__Excerpted data__
——
(* Let $G$ be a chordal graph and let $\mathcal{H}'=(V',\mathcal{E}')$ be a Berge-acyclic subhypergraph of $\mathcal{H}(G)$. If $F_1,\dots,F_k$ are the connected components of $G[\mathcal{E}']$, then each $F_i$ is a cactus and every cycle of each $F_i$ is a $3$-cycle.
   Context: All graphs are finite, simple and undirected. A graph is chordal if it has no induced cycle of length greater than $3$. A cactus is a connected graph in which every edge lies in at most one cycle. A hypergraph is a pair $(V,\mathcal{E})$ with $V$ finite and $\mathcal{E}$ a set of nonempty subsets of $V$; a subhypergraph $(V',\mathcal{E}')$ has $V'\subseteq V$, $\mathcal{E}'\subseteq\mathcal{E}$. A Berge-cycle is a sequence $(E_1,x_1,\dots,E_n,x_n)$, $n\ge 2$, of distinct hyperedges $E_i$ and distinct vertices $x_i$ with $x_i\in E_i\cap E_{i+1}$ for all $i$ (indices mod $n$); a hypergraph is Berge-acyclic if it has no Berge-cycle. For a graph $G=(V,E)$, $\mathcal{H}(G)=(V,\mathcal{E})$ is the hypergraph whose hyperedges are exactly the $3$-element vertex sets inducing a triangle in $G$. For $\mathcal{E}'\subseteq\mathcal{E}$, $G[\mathcal{E}']$ is the graph whose vertices are the vertices occurring in hyperedges of $\mathcal{E}'$ and in which $u,v$ are adjacent iff $\{u,v\}\subseteq e$ for some $e\in\mathcal{E}'$. *)

theory Defs
  imports Main
begin

definition simple_graph :: "'a set \<Rightarrow> 'a set set \<Rightarrow> bool" where
  "simple_graph V E \<longleftrightarrow> finite V \<and> (\<forall>e\<in>E. \<exists>u v. e = {u, v} \<and> u \<noteq> v \<and> u \<in> V \<and> v \<in> V)"

definition is_cycle :: "'a set \<Rightarrow> 'a set set \<Rightarrow> 'a list \<Rightarrow> bool" where
  "is_cycle V E cs \<longleftrightarrow> length cs \<ge> 3 \<and> distinct cs \<and> set cs \<subseteq> V \<and>
     (\<forall>i < length cs. {cs ! i, cs ! ((i + 1) mod length cs)} \<in> E)"

definition cycle_edges :: "'a list \<Rightarrow> 'a set set" where
  "cycle_edges cs = {{cs ! i, cs ! ((i + 1) mod length cs)} | i. i < length cs}"

definition induced_cycle :: "'a set \<Rightarrow> 'a set set \<Rightarrow> 'a list \<Rightarrow> bool" where
  "induced_cycle V E cs \<longleftrightarrow> is_cycle V E cs \<and>
     (\<forall>i < length cs. \<forall>j < length cs. {cs ! i, cs ! j} \<in> E \<longrightarrow> {cs ! i, cs ! j} \<in> cycle_edges cs)"

definition chordal :: "'a set \<Rightarrow> 'a set set \<Rightarrow> bool" where
  "chordal V E \<longleftrightarrow> \<not> (\<exists>cs. induced_cycle V E cs \<and> length cs > 3)"

definition reach :: "'a set set \<Rightarrow> 'a \<Rightarrow> 'a \<Rightarrow> bool" where
  "reach E = (\<lambda>x y. {x, y} \<in> E)\<^sup>*\<^sup>*"

definition connected_graph :: "'a set \<Rightarrow> 'a set set \<Rightarrow> bool" where
  "connected_graph V E \<longleftrightarrow> V \<noteq> {} \<and> (\<forall>u\<in>V. \<forall>v\<in>V. reach E u v)"

definition cactus :: "'a set \<Rightarrow> 'a set set \<Rightarrow> bool" where
  "cactus V E \<longleftrightarrow> connected_graph V E \<and>
     (\<forall>e\<in>E. \<forall>c1 c2. is_cycle V E c1 \<and> is_cycle V E c2 \<and> e \<in> cycle_edges c1 \<and> e \<in> cycle_edges c2
        \<longrightarrow> cycle_edges c1 = cycle_edges c2)"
——
The records above are to be given again in full, exactly.

(* Let $G$ be a chordal graph and let $\mathcal{H}'=(V',\mathcal{E}')$ be a Berge-acyclic subhypergraph of $\mathcal{H}(G)$. If $F_1,\dots,F_k$ are the connected components of $G[\mathcal{E}']$, then each $F_i$ is a cactus and every cycle of each $F_i$ is a $3$-cycle.
   Context: All graphs are finite, simple and undirected. A graph is chordal if it has no induced cycle of length greater than $3$. A cactus is a connected graph in which every edge lies in at most one cycle. A hypergraph is a pair $(V,\mathcal{E})$ with $V$ finite and $\mathcal{E}$ a set of nonempty subsets of $V$; a subhypergraph $(V',\mathcal{E}')$ has $V'\subseteq V$, $\mathcal{E}'\subseteq\mathcal{E}$. A Berge-cycle is a sequence $(E_1,x_1,\dots,E_n,x_n)$, $n\ge 2$, of distinct hyperedges $E_i$ and distinct vertices $x_i$ with $x_i\in E_i\cap E_{i+1}$ for all $i$ (indices mod $n$); a hypergraph is Berge-acyclic if it has no Berge-cycle. For a graph $G=(V,E)$, $\mathcal{H}(G)=(V,\mathcal{E})$ is the hypergraph whose hyperedges are exactly the $3$-element vertex sets inducing a triangle in $G$. For $\mathcal{E}'\subseteq\mathcal{E}$, $G[\mathcal{E}']$ is the graph whose vertices are the vertices occurring in hyperedges of $\mathcal{E}'$ and in which $u,v$ are adjacent iff $\{u,v\}\subseteq e$ for some $e\in\mathcal{E}'$. *)

theory Defs
  imports Main
begin

definition simple_graph :: "'a set \<Rightarrow> 'a set set \<Rightarrow> bool" where
  "simple_graph V E \<longleftrightarrow> finite V \<and> (\<forall>e\<in>E. \<exists>u v. e = {u, v} \<and> u \<noteq> v \<and> u \<in> V \<and> v \<in> V)"

definition is_cycle :: "'a set \<Rightarrow> 'a set set \<Rightarrow> 'a list \<Rightarrow> bool" where
  "is_cycle V E cs \<longleftrightarrow> length cs \<ge> 3 \<and> distinct cs \<and> set cs \<subseteq> V \<and>
     (\<forall>i < length cs. {cs ! i, cs ! ((i + 1) mod length cs)} \<in> E)"

definition cycle_edges :: "'a list \<Rightarrow> 'a set set" where
  "cycle_edges cs = {{cs ! i, cs ! ((i + 1) mod length cs)} | i. i < length cs}"

definition induced_cycle :: "'a set \<Rightarrow> 'a set set \<Rightarrow> 'a list \<Rightarrow> bool" where
  "induced_cycle V E cs \<longleftrightarrow> is_cycle V E cs \<and>
     (\<forall>i < length cs. \<forall>j < length cs. {cs ! i, cs ! j} \<in> E \<longrightarrow> {cs ! i, cs ! j} \<in> cycle_edges cs)"

definition chordal :: "'a set \<Rightarrow> 'a set set \<Rightarrow> bool" where
  "chordal V E \<longleftrightarrow> \<not> (\<exists>cs. induced_cycle V E cs \<and> length cs > 3)"

definition reach :: "'a set set \<Rightarrow> 'a \<Rightarrow> 'a \<Rightarrow> bool" where
  "reach E = (\<lambda>x y. {x, y} \<in> E)\<^sup>*\<^sup>*"

definition connected_graph :: "'a set \<Rightarrow> 'a set set \<Rightarrow> bool" where
  "connected_graph V E \<longleftrightarrow> V \<noteq> {} \<and> (\<forall>u\<in>V. \<forall>v\<in>V. reach E u v)"

definition cactus :: "'a set \<Rightarrow> 'a set set \<Rightarrow> bool" where
  "cactus V E \<longleftrightarrow> connected_graph V E \<and>
     (\<forall>e\<in>E. \<forall>c1 c2. is_cycle V E c1 \<and> is_cycle V E c2 \<and> e \<in> cycle_edges c1 \<and> e \<in> cycle_edges c2
        \<longrightarrow> cycle_edges c1 = cycle_edges c2)"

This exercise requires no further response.